# Is gore tex worth it.



## john doe (Nov 6, 2009)

Trying to decide between the Level Fly gloves and the Level Halfpipe gloves. The only difference I can see is that the Halfpipes are $20 more and they have gore tex instead of the Membra-Therm Plus. Is gore tex worth the extra $20?


----------



## MistahTaki (Apr 24, 2010)

yes

10char


----------



## AngryHugo (Oct 8, 2009)

yep. it'll breathe better, and it's easier to take care of. pretty much lasts forever, too.


----------



## Triple8Sol (Nov 24, 2008)

This thread doesn't need to go on any further.
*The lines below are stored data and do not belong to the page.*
(* Let $d_{in}, d_{out}, d_{\rm key}, k, m$ be positive integers, let $\mathbf W_q, \mathbf W_{\rm key} \in \mathbb R^{d_{in}\times d_{\rm key}}$ and $\mathbf W_v \in \mathbb R^{d_{in}\times d_{out}}$, and let $\sigma_q, \sigma_{\rm key}, \sigma_v$ denote the largest singular values of $\mathbf W_q, \mathbf W_{\rm key}, \mathbf W_v$ respectively. Let $\mathbf X_0 \in \mathbb R^{m\times d_{in}}$ (imposed state) with rows $(\mathbf X_0)^1,\dots,(\mathbf X_0)^m$, let $M_x := \max_j \|(\mathbf X_0)^j\|$, let $M_u>0$, and let $\mathbf Y^* \in \mathbb R^{m\times d_{out}}$ (desired output) with rows $\mathbf Y^{*1},\dots,\mathbf Y^{*m}$. Define $$\alpha := \frac{\sigma_q\sigma_{\rm key}M_uM_x}{\sqrt{d_{\rm key}}},\qquad g_i := \sum_{j=1}^m \exp\!\Big(\frac{(\mathbf X_0)^i\mathbf W_q\mathbf W_{\rm key}^\top (\mathbf X_0)^{j\top}}{\sqrt{d_{\rm key}}}\Big),\qquad \gamma_i := \frac{e^{\alpha}}{g_i}\,\sigma_v M_u .$$ Let $\mathbf Y_x^{\max} := \Xi(\mathbf X_0;\boldsymbol\theta)\in\mathbb R^{m\times d_{out}}$, and for each $i$ let $\mathbf Y^{\max,i}_{x,\perp}$ denote the orthogonal projection of the $i$-th row of $\mathbf Y_x^{\max}$ onto the orthogonal complement (in $\mathbb R^{d_{out}}$) of $\operatorname{span}(\mathbf Y^{*i})$. Suppose that for some $i\in\{1,\dots,m\}$, $$\|\mathbf Y^{\max,i}_{x,\perp}\| > k\,\gamma_i .$$ Then for every control input $\mathbf U\in\mathbb R^{k\times d_{in}}$ whose rows satisfy $\|\mathbf U^j\|\le M_u$ for all $j=1,\dots,k$, the output $\mathbf Y$ (the last $m$ rows of $\Xi([\mathbf U;\mathbf X_0];\boldsymbol\theta)$) satisfies $\mathbf Y\neq \mathbf Y^*$; i.e., $\mathbf Y^*$ is unreachable with $k$ control tokens of norm at most $M_u$.
   Context: Self-attention with parameters $\boldsymbol\theta=(\mathbf W_q,\mathbf W_{\rm key},\mathbf W_v)$ is the map $\Xi(\cdot;\boldsymbol\theta):\mathbb R^{N\times d_{in}}\to\mathbb R^{N\times d_{out}}$ (for any $N$) given by $\Xi(\mathbf X;\boldsymbol\theta)=\mathbf D^{-1}\exp\!\big(\mathbf Q\mathbf K^\top/\sqrt{d_{\rm key}}\big)\mathbf V$, where $\mathbf Q=\mathbf X\mathbf W_q$, $\mathbf K=\mathbf X\mathbf W_{\rm key}$, $\mathbf V=\mathbf X\mathbf W_v$, $\exp$ is applied entrywise, and $\mathbf D=\operatorname{diag}\big(\exp(\mathbf Q\mathbf K^\top/\sqrt{d_{\rm key}})\mathbf 1_{N\times1}\big)$ (i.e., row-wise softmax attention, no masking). For $\mathbf U\in\mathbb R^{k\times d_{in}}$ and $\mathbf X_0\in\mathbb R^{m\times d_{in}}$, $[\mathbf U;\mathbf X_0]\in\mathbb R^{(k+m)\times d_{in}}$ denotes vertical concatenation (rows of $\mathbf U$ first), and the output $\Xi([\mathbf U;\mathbf X_0];\boldsymbol\theta)$ is partitioned as $[\mathbf U';\mathbf Y]$ with $\mathbf U'\in\mathbb R^{k\times d_{out}}$, $\mathbf Y\in\mathbb R^{m\times d_{out}}$. Rows of matrices are indexed by superscripts; norms of rows are Euclidean. *)

theory Defs
  imports "HOL-Analysis.Analysis"
begin

text \<open>Matrices of varying size are represented as functions nat \<Rightarrow> nat \<Rightarrow> real;
  entry (r,c) is A r c, indices start at 0, dimensions are carried explicitly
  and only entries with in-range indices are ever used.\<close>

type_synonym rmat = "nat \<Rightarrow> nat \<Rightarrow> real"

definition matmul :: "nat \<Rightarrow> rmat \<Rightarrow> rmat \<Rightarrow> rmat" where
  "matmul n A B = (\<lambda>i j. \<Sum>l<n. A i l * B l j)"

definition mtrans :: "rmat \<Rightarrow> rmat" where
  "mtrans A = (\<lambda>i j. A j i)"

definition rownorm :: "nat \<Rightarrow> rmat \<Rightarrow> nat \<Rightarrow> real" where
  "rownorm n A i = sqrt (\<Sum>j<n. (A i j)\<^sup>2)"

definition sigma_max :: "nat \<Rightarrow> nat \<Rightarrow> rmat \<Rightarrow> real" where
  "sigma_max r c W = sqrt (Max {ev. \<exists>v::nat \<Rightarrow> real. (\<exists>j<c. v j \<noteq> 0) \<and>
      (\<forall>j<c. (\<Sum>l<c. matmul r (mtrans W) W j l * v l) = ev * v j)})"

text \<open>Self-attention \<Xi>(X; Wq, Wkey, Wv) for X an (N x din) matrix,
  Wq, Wkey : din x dkey, Wv : din x dout. Row-wise softmax, no masking.\<close>
definition attn_scores :: "nat \<Rightarrow> nat \<Rightarrow> rmat \<Rightarrow> rmat \<Rightarrow> rmat \<Rightarrow> rmat" where
  "attn_scores din dkey Wq Wkey X =
     (\<lambda>i l. matmul dkey (matmul din X Wq) (mtrans (matmul din X Wkey)) i l / sqrt (real dkey))"
lemma upper_bound_gens_subset_mu_minus_e2_image:
  assumes k: "k \<noteq> 0"
  shows "upper_bound_gens k m1 m2 \<subseteq> (mu k (0, -1) ^^ m2) ` LaurentPolys"
proof -
  let ?u = "1 + x1 powi k"
  let ?s = "1 + x1 powi (- k)"
  let ?g = "mu k (0, -1) ^^ m2"
  have g: "x2_scaling ?g (?s ^ m2)"
    by (rule x2_scaling_mu_minus_e2_funpow[OF k])
  have u: "?u \<in> ratfun_x1" "?s \<in> ratfun_x1"
    using one_plus_x1_power_int_in_ratfun_x1 by auto
  have s: "?s \<noteq> 0"
    using one_plus_x1_power_int_nonzero[of "- k"] k by simp
  have x1: "x1 powi k \<in> ratfun_x1"
    by (simp add: x1_eq_of_poly_x1 of_poly_x1_in_ratfun_x1 ratfun_x1_power_int)
  note fix_x1 = x2_scaling_x1[OF g]
  have "?s * x1 powi k = ?u"
    by (simp add: power_int_minus distrib_right x1_nonzero)
  then have "?s ^ m2 * (x1 powi k) ^ m2 = ?u ^ m2"
    by (metis power_mult_distrib)
  moreover have "?g (x2 * (x1 powi k) ^ m2) = x2 * ?s ^ m2 * (x1 powi k) ^ m2"
    by (rule x2_scaling_x2_times[OF g ratfun_x1_power[OF x1]])
  ultimately have gen3: "?g (x2 * (x1 powi k) ^ m2) = x2 * ?u ^ m2"
    by (simp add: mult.assoc)
  have gen4: "?g (?u ^ m1 * ?s ^ m2 / x2) = ?u ^ m1 / x2"
    using x2_scaling_divide_x2[OF g] u s by (simp add: ratfun_x1_mult ratfun_x1_power)
  have "?u ^ m1 * ?s ^ m2 * x2 powi (- 1) \<in> LaurentPolys"
    and "x2 powi 1 * (x1 powi k) ^ m2 \<in> LaurentPolys"
    by (intro LaurentPolys_mult LaurentPolys_power one_plus_x1_power_int_in_LaurentPolys
        x1_power_int_in_LaurentPolys x2_power_int_in_LaurentPolys)+
  moreover have "x1 \<in> LaurentPolys" "inverse x1 \<in> LaurentPolys"
    using upper_bound_gens_subset_LaurentPolys[of k m1 m2] by (auto simp: upper_bound_gens_def)
  ultimately have "{x1, inverse x1, x2 * (x1 powi k) ^ m2, ?u ^ m1 * ?s ^ m2 / x2} \<subseteq> LaurentPolys"
    by (simp add: power_int_minus divide_inverse)
  then show ?thesis
    unfolding upper_bound_gens_def insert_subset using fix_x1 gen3 gen4
    by (metis rev_image_eqI empty_subsetI)
qed

lemma alg_gen_subset_upper_bound:
  assumes "k \<noteq> 0"
  shows "alg_gen (upper_bound_gens k m1 m2) \<subseteq>
    LaurentPolys \<inter> (mu k (0, 1) ^^ m1) ` LaurentPolys \<inter> (mu k (0, -1) ^^ m2) ` LaurentPolys"
  using upper_bound_gens_subset_LaurentPolys upper_bound_gens_subset_mu_e2_image[OF assms]
    upper_bound_gens_subset_mu_minus_e2_image[OF assms]
    x2_scaling_mu_e2_funpow[OF assms] x2_scaling_mu_minus_e2_funpow[OF assms]
  by (intro alg_gen_subset Qcyc_subalgebra_Int Qcyc_subalgebra_image Qcyc_subalgebra_LaurentPolys)
    auto

theorem proposition3p6:
  fixes k :: int and m1 m2 :: nat
  assumes "k \<noteq> 0"
  shows "upper_bound k (coll2 m1 m2) =
           {W. \<exists>S c. finite S \<and> (\<forall>l\<in>S. c l \<in> LaurentPolys1)
                 \<and> W = (\<Sum>l\<in>S. c l * x2 powi l)
                 \<and> (\<forall>l\<in>S. l \<le> 0 \<longrightarrow>
                       (\<exists>d\<in>LaurentPolys1. c l = (1 + x1 powi k) ^ nat (- int m1 * l) * d))
                 \<and> (\<forall>l\<in>S. l \<ge> 0 \<longrightarrow>
                       (\<exists>d\<in>LaurentPolys1. c l = (1 + x1 powi k) ^ nat (int m2 * l) * d))}
       \<and> upper_bound k (coll2 m1 m2) =
           alg_gen {x1, inverse x1, x2 * (1 + x1 powi k) ^ m2, (1 + x1 powi k) ^ m1 / x2}"
proof -
  have "upper_bound k (coll2 m1 m2) \<subseteq> coeff_divisible_set k m1 m2"
    using upper_bound_subset_coeff_divisible[OF assms] by (auto simp: upper_bound_coll2)
  moreover have "coeff_divisible_set k m1 m2 \<subseteq> alg_gen (upper_bound_gens k m1 m2)"
    using coeff_divisible_subset_alg_gen by blast
  moreover have "alg_gen (upper_bound_gens k m1 m2) \<subseteq> upper_bound k (coll2 m1 m2)"
    using alg_gen_subset_upper_bound[OF assms] by (simp add: upper_bound_coll2)
  ultimately have "upper_bound k (coll2 m1 m2) = coeff_divisible_set k m1 m2"
    and "upper_bound k (coll2 m1 m2) = alg_gen (upper_bound_gens k m1 m2)"
    by auto
  then show ?thesis
    unfolding coeff_divisible_set_def upper_bound_gens_def by (rule conjI)
qed

end
lemma moment_nonneg: "0 \<le> moment k"
  unfolding moment_def
proof (rule integral_nonneg[OF moment_integrand_integrable])
  fix t :: real
  assume t: "t \<in> {0..1}"
  show "0 \<le> moment_integrand k t"
  proof (cases "t = 0")
    case False
    then have "0 \<le> 1/t - 1"
      using t by (simp add: le_divide_eq)
    then show ?thesis
      unfolding moment_integrand_def by simp
  qed (simp add: moment_integrand_def)
qed

text \<open>\<open>dfact k = (k - 1)!!\<close>, with \<open>(-1)!! = 0!! = 1\<close>.\<close>
fun dfact :: "nat \<Rightarrow> real" where
  "dfact 0 = 1"
| "dfact (Suc 0) = 1"
| "dfact (Suc (Suc k)) = real (Suc k) * dfact k"

lemma dfact_pos: "0 < dfact k"
  by (induction k rule: dfact.induct) auto

lemma dfact_Suc_bounds: "dfact k \<le> dfact (Suc k) \<and> dfact (Suc k) \<le> real (Suc k) * dfact k"
proof (induction k)
  case (Suc k)
  have "real (Suc k) * dfact k \<le> real (Suc k) * dfact (Suc k)"
    using Suc by (intro mult_left_mono) auto
  then show ?case
    using Suc dfact_pos[of "Suc k"] by (auto simp: algebra_simps)
qed simp

lemma moment_le_dfact: "moment k \<le> exp (- 1 / 2) * dfact k"
proof (induction k rule: dfact.induct)
  case 1
  then show ?case
    using moment_recurrence[of 0] moment_nonneg[of 1] by simp
next
  case 2
  then show ?case
    using moment_recurrence[of 0] moment_nonneg[of 0] by simp
next
  case (3 k)
  have "moment (Suc (Suc k)) \<le> real (Suc k) * moment k"
    using moment_recurrence[of "Suc k"] moment_nonneg[of "Suc k"] by simp
  also have "\<dots> \<le> real (Suc k) * (exp (- 1 / 2) * dfact k)"
    using 3 by (intro mult_left_mono) auto
  finally show ?case
    by (simp add: mult_ac)
qed

text \<open>\<open>(-1)^k * dominant k\<close> is a second solution of the moment recurrence.\<close>
fun dominant :: "nat \<Rightarrow> real" where
  "dominant 0 = 1"
| "dominant (Suc 0) = 1"
| "dominant (Suc (Suc k)) = real (Suc k) * dominant k + dominant (Suc k)"

lemma dfact_le_dominant: "dfact k \<le> dominant k"
proof (induction k rule: dominant.induct)
  case (3 k)
  have "real (Suc k) * dfact k \<le> real (Suc k) * dominant k"
    using 3 by (intro mult_left_mono) auto
  moreover have "0 \<le> dominant (Suc k)"
    using 3 dfact_pos[of "Suc k"] by linarith
  ultimately show ?case
    by (simp only: dfact.simps dominant.simps)
qed simp_all

lemma dominant_pos: "0 < dominant k"
  using dfact_le_dominant[of k] dfact_pos[of k] by linarith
Answer is a definitive yes, if you can afford it.


----------



## TLN (Sep 7, 2010)

One more answer: YES =)
I was widing all the weekend in Hestra gore tex gloves, and they're perfect! no wetm no cold. all i need. But they're pricey..


----------



## john doe (Nov 6, 2009)

Damn you people making me spend more money. Never imagined I'd be spending $110 on gloves but here I am. Good thing my Smokin I just bought was $85 off and my F20's were only $90.


----------



## jmacphee9 (Nov 11, 2008)

MistahTaki said:


> yes
> 
> 10char


/endthread.

edit: with that said, you dont need to pay 110$ i always buy my gloves at marshalls or tj maxx, got burton gloves for 20$ last season...only reason i would spend 110 is if they were thick leather palms+goretex. 

goretex+gloves is possibly greatest creation ever? third to a snowboard and the wheel, maybe.


----------



## john doe (Nov 6, 2009)

My wrist injury this summer requires that I have wristguards. The Level gloves are the best I have found. Not leather but they have kevlar palms and finger tips. I'm hoping black friday blesses me with a decent deal on some so I'm not paying full retail.


----------